В 1889 году все трое решили не возвращаться больше в город, и так родилась коммуна художников. Люди ехали сюда в надежде, что на благотворной почве их собственный талант тоже даст ростки. Единственным учителем ворпсведцы признавали природу – облака над головой дают не меньше знаний, чем кисть в руке.

Не прошло и десяти лет, как в коммуну потянулась молодежь, в том числе Клара Вестхоф и Паула Беккер, а в августе 1900-го Фогелер пригласил в Ворпсведе молодого поэта Райнера Марию Рильке, которого встретил на вечере во Флоренции. Они сговорились, что Фогелер нарисует романтические иллюстрации к некоторым стихам Рильке, и художник предложил поэту заняться этим сообща.

«До чего широко открываются здесь глаза! Они хотят объять все небо!» – писал Рильке по прибытии в Ворпсведе. Большинство жителей коммуны обитали в старом крестьянском доме, Фогелер же превратил свой дом в памятник немецкому югендстилю. Крыльцо с перилами и сводчатым навесом вело к девственно-белым стенам, увитыми виноградными лозами.
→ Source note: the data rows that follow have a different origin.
lemma newton_interpolation_Suc:
  assumes g: "filtered_seq 0 (Suc d) g" and e: "\<forall>t. e t \<in> F t"
    and agree: "\<forall>n<d. binom_prod G e d n = g n"
    and rem: "\<forall>n. inv (binom_prod G e d n) \<otimes> g n \<in> F d"
  shows "\<exists>e'. (\<forall>t. e' t \<in> F t) \<and> (\<forall>n<Suc d. binom_prod G e' (Suc d) n = g n) \<and>
    (\<forall>n. inv (binom_prod G e' (Suc d) n) \<otimes> g n \<in> F (Suc d))"
proof -
  have gc: "g n \<in> carrier G" for n using filtered_seq_carrier [OF g] .
  have Bc: "binom_prod G e d n \<in> carrier G" for n
    using binom_prod_closed e level_subset_carrier by blast
  define r where "r n = inv (binom_prod G e d n) \<otimes> g n" for n
  have rc: "r n \<in> carrier G" for n unfolding r_def using Bc gc by simp
  have "filtered_seq 0 (Suc d) r"
    unfolding r_def using filtered_seq_inv_binom_prod e g by (intro filtered_seq_mult) blast+
  then have "(diff_seq G ^^ Suc d) r n \<in> F (Suc d)" for n
    unfolding filtered_seq_def by (metis add_0 min.idem)
  moreover have "r j = \<one>" if "j < d" for j using agree that Bc gc by (simp add: r_def)
  ultimately have r: "inv (r d [^] (n choose d)) \<otimes> r n \<in> F (Suc d)" for n
    using seq_mod_leading_binom_pow [OF normal_level] rc by blast
  define e' where "e' = e(d := r d)"
  have B': "binom_prod G e' (Suc d) n = binom_prod G e d n \<otimes> r d [^] (n choose d)" for n
    using binom_prod_cong [of d e' e] by (simp add: e'_def)
  have "\<forall>t. e' t \<in> F t" using e rem by (simp add: e'_def r_def)
  moreover have "binom_prod G e' (Suc d) n = g n" if "n < Suc d" for n
  proof (cases "n < d")
    case True
    then show ?thesis using B' [of n] agree rc gc by (simp add: binomial_eq_0 del: binom_prod.simps)
  next
    case False
    then have "n = d" using that by simp
    then show ?thesis using B' [of n] Bc gc by (simp add: r_def del: binom_prod.simps)
  qed
  moreover have "inv (binom_prod G e' (Suc d) n) \<otimes> g n \<in> F (Suc d)" for n
    using r [of n] B' [of n] Bc gc rc by (simp add: r_def group_normalize del: binom_prod.simps)
  ultimately show ?thesis by blast
qed

lemma newton_interpolation:
  "filtered_seq 0 d g \<Longrightarrow> \<exists>e. (\<forall>t. e t \<in> F t) \<and> (\<forall>n<d. binom_prod G e d n = g n) \<and>
    (\<forall>n. inv (binom_prod G e d n) \<otimes> g n \<in> F d)"
proof (induction d arbitrary: g)
  case 0
  then have "g n \<in> F 0" for n using filtered_seq_in [of 0 0 g n] by simp
  then show ?case
    using filtered_seq_carrier [OF 0] subgroup.one_closed [OF subgroup_level]
    by (intro exI [of _ "\<lambda>_. \<one>"]) simp
next
  case (Suc d)
  from Suc.prems have "filtered_seq 0 d g" by (rule filtered_seq_mono) simp_all
  with Suc.IH show ?case using newton_interpolation_Suc [OF Suc.prems] by blast
qed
У Фогелера были шоколадно-карие глаза и тонкое мальчишеское лицо, он приветливо встретил Рильке и предложил поэту «голубую комнату под крышей», которую берег для самых дорогих гостей.

Молодые обитатели коммуны возлежали в креслах. В вазах повсюду стояли полевые цветы. Кто-то играл Шуберта на пианино. Девушки носили венки из роз, а юноши – жесткие классические стоячие воротнички.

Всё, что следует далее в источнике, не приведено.